**To do:**
Word for word, retype the records below.

**Material provided:**
lemma dirderiv_eqI:
  assumes "f x = ereal t" "\<delta> > 0"
    and "\<And>\<alpha>. 0 < \<alpha> \<Longrightarrow> \<alpha> \<le> \<delta> \<Longrightarrow> f (x + \<alpha> *\<^sub>R e) = f x + ereal \<alpha> * D"
  shows "dirderiv f x e = D"
  unfolding dirderiv_def
proof (rule tendsto_Lim[OF trivial_limit_at_right_real], rule tendsto_eventually)
  have quotient: "(ereal t + ereal \<alpha> * D - ereal t) / ereal \<alpha> = D" if "0 < \<alpha>" for \<alpha>
    using that by (cases D) (simp_all add: ereal_divide_eq)
  have "(f (x + \<alpha> *\<^sub>R e) - f x) / ereal \<alpha> = D" if "0 < \<alpha>" "\<alpha> \<le> \<delta>" for \<alpha>
    using quotient[OF that(1)] by (simp only: assms(3)[OF that] assms(1))
  then show "eventually (\<lambda>\<alpha>. (f (x + \<alpha> *\<^sub>R e) - f x) / ereal \<alpha> = D) (at_right 0)"
    unfolding eventually_at_right_field using assms(2) by (metis order.strict_implies_order)
qed

lemma dirderiv_zero:
  assumes "f x = ereal t"
  shows "dirderiv f x 0 = 0"
  using assms by (intro dirderiv_eqI[of _ _ _ 1]) auto

lemma finite_dderiv_values: "finite {dderiv f z i j | i j. True}"
proof -
  have "{dderiv f z i j | i j. True} = (\<lambda>(i, j). dderiv f z i j) ` UNIV"
    by auto
  then show ?thesis
    by simp
qed

lemma phi_le_dderiv: "phi f z \<le> dderiv f z i j"
  unfolding phi_def using finite_dderiv_values by (intro Min_le) auto

lemma phi_attained: "\<exists>i j. phi f z = dderiv f z i j"
proof -
  have "phi f z \<in> {dderiv f z i j | i j. True}"
    unfolding phi_def using finite_dderiv_values by (intro Min_in) auto
  then show ?thesis
    by blast
qed

locale polyhedral_fun =
  fixes f :: "real^'n::finite \<Rightarrow> ereal" and F :: "'h set"
    and A :: "'h \<Rightarrow> real^'n" and B :: "'h \<Rightarrow> real" and C :: "'h \<Rightarrow> real"
  assumes finite_F: "finite F"
    and not_MInf: "f x \<noteq> -\<infinity>"
    and le_iff: "f x \<le> ereal t \<longleftrightarrow> (\<forall>h\<in>F. A h \<bullet> x + B h * t \<le> C h)"
begin

lemma dom_R_iff: "x \<in> dom_R f \<longleftrightarrow> f x \<noteq> \<infinity>"
  unfolding dom_R_def by (cases "f x") auto

lemma f_eq_ereal: "x \<in> dom_R f \<Longrightarrow> f x = ereal (real_of_ereal (f x))"
  using not_MInf[of x] unfolding dom_R_def by (cases "f x") auto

**Result of this task:**
lemma dirderiv_eqI:
  assumes "f x = ereal t" "\<delta> > 0"
    and "\<And>\<alpha>. 0 < \<alpha> \<Longrightarrow> \<alpha> \<le> \<delta> \<Longrightarrow> f (x + \<alpha> *\<^sub>R e) = f x + ereal \<alpha> * D"
  shows "dirderiv f x e = D"
  unfolding dirderiv_def
proof (rule tendsto_Lim[OF trivial_limit_at_right_real], rule tendsto_eventually)
  have quotient: "(ereal t + ereal \<alpha> * D - ereal t) / ereal \<alpha> = D" if "0 < \<alpha>" for \<alpha>
    using that by (cases D) (simp_all add: ereal_divide_eq)
  have "(f (x + \<alpha> *\<^sub>R e) - f x) / ereal \<alpha> = D" if "0 < \<alpha>" "\<alpha> \<le> \<delta>" for \<alpha>
    using quotient[OF that(1)] by (simp only: assms(3)[OF that] assms(1))
  then show "eventually (\<lambda>\<alpha>. (f (x + \<alpha> *\<^sub>R e) - f x) / ereal \<alpha> = D) (at_right 0)"
    unfolding eventually_at_right_field using assms(2) by (metis order.strict_implies_order)
qed

lemma dirderiv_zero:
  assumes "f x = ereal t"
  shows "dirderiv f x 0 = 0"
  using assms by (intro dirderiv_eqI[of _ _ _ 1]) auto

lemma finite_dderiv_values: "finite {dderiv f z i j | i j. True}"
proof -
  have "{dderiv f z i j | i j. True} = (\<lambda>(i, j). dderiv f z i j) ` UNIV"
    by auto
  then show ?thesis
    by simp
qed

lemma phi_le_dderiv: "phi f z \<le> dderiv f z i j"
  unfolding phi_def using finite_dderiv_values by (intro Min_le) auto

lemma phi_attained: "\<exists>i j. phi f z = dderiv f z i j"
proof -
  have "phi f z \<in> {dderiv f z i j | i j. True}"
    unfolding phi_def using finite_dderiv_values by (intro Min_in) auto
  then show ?thesis
    by blast
qed

locale polyhedral_fun =
  fixes f :: "real^'n::finite \<Rightarrow> ereal" and F :: "'h set"
    and A :: "'h \<Rightarrow> real^'n" and B :: "'h \<Rightarrow> real" and C :: "'h \<Rightarrow> real"
  assumes finite_F: "finite F"
    and not_MInf: "f x \<noteq> -\<infinity>"
    and le_iff: "f x \<le> ereal t \<longleftrightarrow> (\<forall>h\<in>F. A h \<bullet> x + B h * t \<le> C h)"
begin

lemma dom_R_iff: "x \<in> dom_R f \<longleftrightarrow> f x \<noteq> \<infinity>"
  unfolding dom_R_def by (cases "f x") auto

lemma f_eq_ereal: "x \<in> dom_R f \<Longrightarrow> f x = ereal (real_of_ereal (f x))"
  using not_MInf[of x] unfolding dom_R_def by (cases "f x") auto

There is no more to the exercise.